Below are records; copy every line in them that holds the word "shows".

Collected data
<<<<

lemma constant_if_locally_flat:
  fixes P :: "real \<Rightarrow> 'a::real_normed_vector"
  assumes flat: "\<And>x e. x \<in> {a..b} \<Longrightarrow> 0 < e \<Longrightarrow>
      \<exists>d>0. \<forall>y\<in>{a..b}. \<bar>y - x\<bar> < d \<longrightarrow> norm (P y - P x) \<le> e * \<bar>y - x\<bar>"
    and x: "x \<in> {a..b}"
  shows "P x = P b"
proof -
  have "(P has_derivative (\<lambda>h. 0)) (at x within {a..b})" if "x \<in> {a..b}" for x
    unfolding has_derivative_within_alt by (simp add: flat[OF that])
  then obtain c where "\<forall>x\<in>{a..b}. P x = c"
    using has_derivative_zero_constant[of "{a..b}" P] by auto
  then show ?thesis using x by auto
qed

lemma bmul_backward_increment:
  assumes X: "backward_solution n T X F" and Y: "backward_solution n T Y H"
    and ab: "0 \<le> a" "a \<le> b" "b \<le> T" and ij: "i \<in> {1..n}" "j \<in> {1..n}"
  defines "G \<equiv> \<lambda>r. bmul n (F r) (Y r) i j + bmul n (X r) (H r) i j"
  assumes G_integrable: "G integrable_on {0..T}"
  defines "P \<equiv> \<lambda>s. bmul n (X s) (Y s) i j + integral {s..T} G"
  shows "((\<lambda>r. bmul n (F r) (\<lambda>k l. Y b k l - Y r k l) i j + bmul n (\<lambda>l k. X a l k - X r l k) (H r) i j)
           has_integral P b - P a) {a..b}"
proof -
  have product: "((\<lambda>r. bmul n (F r) (Y b) i j + bmul n (X a) (H r) i j) has_integral
      bmul n (X b) (Y b) i j - bmul n (X a) (Y a) i j) {a..b}"
  proof -
    have "((\<lambda>r. \<Sum>k\<in>{1..n}. F r i k ** Y b k j + X a i k ** H r k j) has_integral
        (\<Sum>k\<in>{1..n}. (X b i k - X a i k) ** Y b k j + X a i k ** (Y b k j - Y a k j))) {a..b}"
    proof (rule has_integral_sum, simp)
      fix k assume k: "k \<in> {1..n}"
      show "((\<lambda>r. F r i k ** Y b k j + X a i k ** H r k j) has_integral
          (X b i k - X a i k) ** Y b k j + X a i k ** (Y b k j - Y a k j)) {a..b}"
        by (intro has_integral_add
            has_integral_linear[OF backward_solution_increment[OF X ab ij(1) k]
              matrix_mult.bounded_linear_left, unfolded o_def]
            has_integral_linear[OF backward_solution_increment[OF Y ab k ij(2)]
              matrix_mult.bounded_linear_right, unfolded o_def])
    qed
    moreover have "(\<Sum>k\<in>{1..n}. (X b i k - X a i k) ** Y b k j + X a i k ** (Y b k j - Y a k j))
        = bmul n (X b) (Y b) i j - bmul n (X a) (Y a) i j"
      by (simp add: bmul_def matrix_mult.diff_left matrix_mult.diff_right sum_subtractf[symmetric])
    ultimately show ?thesis
      by (simp add: bmul_def sum.distrib)
  qed
  have G: "(G has_integral integral {a..T} G - integral {b..T} G) {a..b}"
  proof -
    have "G integrable_on {a..T}" by (rule integrable_on_subinterval[OF G_integrable]) (use ab in auto)
    then have "integral {a..b} G + integral {b..T} G = integral {a..T} G"
      by (rule Henstock_Kurzweil_Integration.integral_combine[OF ab(2,3)])
    moreover have "G integrable_on {a..b}" by (rule integrable_on_subinterval[OF G_integrable]) (use ab in auto)
    ultimately show ?thesis by (metis add_diff_cancel_right' integrable_integral)
  qed
  have "bmul n (X b) (Y b) i j - bmul n (X a) (Y a) i j - (integral {a..T} G - integral {b..T} G)
      = P b - P a"
    unfolding P_def by (simp add: algebra_simps)
  then have "((\<lambda>r. bmul n (F r) (Y b) i j + bmul n (X a) (H r) i j - G r) has_integral P b - P a) {a..b}"
    using has_integral_diff[OF product G] by simp
  moreover have "bmul n (F r) (Y b) i j + bmul n (X a) (H r) i j - G r
      = bmul n (F r) (\<lambda>k l. Y b k l - Y r k l) i j + bmul n (\<lambda>l k. X a l k - X r l k) (H r) i j" for r
    by (simp add: G_def bmul_def matrix_mult.diff_left matrix_mult.diff_right sum_subtractf)
  ultimately show ?thesis by simp
qed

>>>>

Task result:
  shows "P x = P b"
  shows "((\<lambda>r. bmul n (F r) (\<lambda>k l. Y b k l - Y r k l) i j + bmul n (\<lambda>l k. X a l k - X r l k) (H r) i j)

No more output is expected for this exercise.